lemma mean_indexed_mset_eq:
  assumes "indexed_mset (2^k) f = indexed_mset (2^k) g"
  shows "mean k f = mean k g"
proof -
  have "mset (map f [0..<2^k]) = mset (map g [0..<2^k])"
    using assms by (simp add: indexed_mset_def atLeast0LessThan)
  then obtain p where p: "p permutes {..<2^k}" "permute_list p (map g [0..<2^k]) = map f [0..<2^k]"
    by (rule mset_eq_permutation) simp
  have "f i = g (p i)" if "i < 2^k" for i
  proof -
    have "f i = permute_list p (map g [0..<2^k]) ! i" using p(2) that by simp
    also have "\<dots> = g (p i)"
      using that permutes_in_image[OF p(1)] permute_list_nth[of p "map g [0..<2^k]" i] p(1) by simp
    finally show ?thesis .
  qed
  then have "mean k f = mean k (g \<circ> p)" by (intro dyadic_mean_cong) simp
  also have "\<dots> = mean k g" by (rule mean_permutes[OF p(1)])
  finally show ?thesis .
qed

lemma mean_split:
  assumes "indexed_mset (2^Suc k) f = indexed_mset (2^k) g + indexed_mset (2^k) h"
  shows "mean (Suc k) f = m (mean k g) (mean k h)"
proof -
  define f' where "f' i = (if i < 2^k then g i else h (i - 2^k))" for i
  have "indexed_mset (2^Suc k) f' = indexed_mset (2^k) g + indexed_mset (2^k) h"
    unfolding power_Suc mult_2 indexed_mset_add
    by (intro arg_cong2[of _ _ _ _ "(+)"] indexed_mset_cong) (simp_all add: f'_def)
  then have "mean (Suc k) f = mean (Suc k) f'"
    using assms by (intro mean_indexed_mset_eq) simp
  also have "\<dots> = m (mean k f') (mean k (\<lambda>i. f' (2^k + i)))" by simp
  also have "mean k f' = mean k g" by (rule dyadic_mean_cong) (simp add: f'_def)
  also have "mean k (\<lambda>i. f' (2^k + i)) = mean k h" by (rule dyadic_mean_cong) (simp add: f'_def)
  finally show ?thesis .
qed

end

section \<open>Frontiers of trees\<close>

text \<open>A leaf is its own left and right child; this is consistent with \<open>val\<close> because \<open>m\<close> is
  idempotent and with \<open>weight\<close> because both halves carry the same weight.\<close>
fun left_child :: "'i tree \<Rightarrow> 'i tree" where
  "left_child (Leaf i) = Leaf i"
| "left_child (Node2 s t) = s"
| "left_child (NodeW ts) = ts 0"

fun right_child :: "'i tree \<Rightarrow> 'i tree" where
  "right_child (Leaf i) = Leaf i"
| "right_child (Node2 s t) = t"
| "right_child (NodeW ts) = NodeW (\<lambda>l. ts (Suc l))"

fun is_leaf :: "'i tree \<Rightarrow> bool" where
  "is_leaf (Leaf i) = True"
| "is_leaf (Node2 s t) = False"
| "is_leaf (NodeW ts) = False"

lemma val_children:
  assumes "iterative m"
  shows "val m t x = m (val m (left_child t) x) (val m (right_child t) x)"
proof (cases t)
  case (Leaf i)
  have "m (x i) (x i) = x i" using assms by (simp add: iterative_def midpoint_set_def)
  then show ?thesis using Leaf by simp
next
  case (NodeW ts)
  then show ?thesis
    by (simp only: val.simps left_child.simps right_child.simps) (rule Minf_unfold[OF assms])
qed simp

lemma summable_halving:
  fixes a :: "nat \<Rightarrow> real"
  assumes "\<And>l. 0 \<le> a l" and "\<And>l. a l \<le> 1"
  shows "summable (\<lambda>l. a l / 2^Suc l)"
proof (rule summable_comparison_test'[OF sums_summable[OF power_half_series], of 0])
  fix l
  show "norm (a l / 2^Suc l) \<le> (1/2)^Suc l"
    using assms[of l] by (simp add: power_divide divide_right_mono)
qed

text \<open>Both bounds must be proved together: the series defining the weight of an
  \<open>\<omega>\<close>-node is only known to converge once the weights of its subtrees are bounded.\<close>
lemma weight_nonneg_and_sum_le_1: "0 \<le> weight t j \<and> (finite S \<longrightarrow> sum (weight t) S \<le> 1)"
proof (induction t arbitrary: j S)
  case (Leaf i)
  then show ?case by simp
next
  case (Node2 s t)
  show ?case
  proof (intro conjI impI)
    show "0 \<le> weight (Node2 s t) j" using Node2.IH by simp
    assume "finite S"
    with Node2.IH have "sum (weight s) S \<le> 1" "sum (weight t) S \<le> 1" by blast+
    then show "sum (weight (Node2 s t)) S \<le> 1"
      by (simp add: sum.distrib sum_divide_distrib[symmetric])
  qed
next
  case (NodeW ts)
  have nonneg: "0 \<le> weight (ts l) j" and sum_le: "finite S \<Longrightarrow> sum (weight (ts l)) S \<le> 1"
    for l j S
    using NodeW by auto
  have summable: "summable (\<lambda>l. weight (ts l) j / 2^Suc l)" for j
    by (rule summable_halving) (use nonneg sum_le[of "{j}"] in auto)
  have "sum (weight (NodeW ts)) S \<le> 1" if "finite S"
  proof -
    have "sum (weight (NodeW ts)) S = (\<Sum>l. \<Sum>j\<in>S. weight (ts l) j / 2^Suc l)"
      unfolding weight.simps by (rule suminf_sum[symmetric]) (rule summable)
    also have "\<dots> \<le> (\<Sum>l. (1/2::real)^Suc l)"
    proof (rule suminf_le)
      fix l
      show "(\<Sum>j\<in>S. weight (ts l) j / 2^Suc l) \<le> (1/2::real)^Suc l"
        using sum_le[OF that, of l]
        by (simp add: sum_divide_distrib[symmetric] power_divide divide_right_mono)
    next
      show "summable (\<lambda>l. \<Sum>j\<in>S. weight (ts l) j / 2^Suc l)" by (intro summable_sum summable)
    next
      show "summable (\<lambda>l. (1/2::real)^Suc l)" by (rule sums_summable[OF power_half_series])
    qed
    also have "\<dots> = 1" using power_half_series by (simp add: sums_iff)
    finally show ?thesis .
  qed
  moreover have "0 \<le> weight (NodeW ts) j"
    using summable by (simp add: suminf_nonneg nonneg)
  ultimately show ?case by simp
qed

lemma weight_nonneg: "0 \<le> weight t j"
  by (rule conjunct1[OF weight_nonneg_and_sum_le_1])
---
■ DIRECTIONS ■
Every line where "only" appears must be returned from the listing above.

■ ANSWER BELOW ■
    by (simp only: val.simps left_child.simps right_child.simps) (rule Minf_unfold[OF assms])
  \<open>\<omega>\<close>-node is only known to converge once the weights of its subtrees are bounded.\<close>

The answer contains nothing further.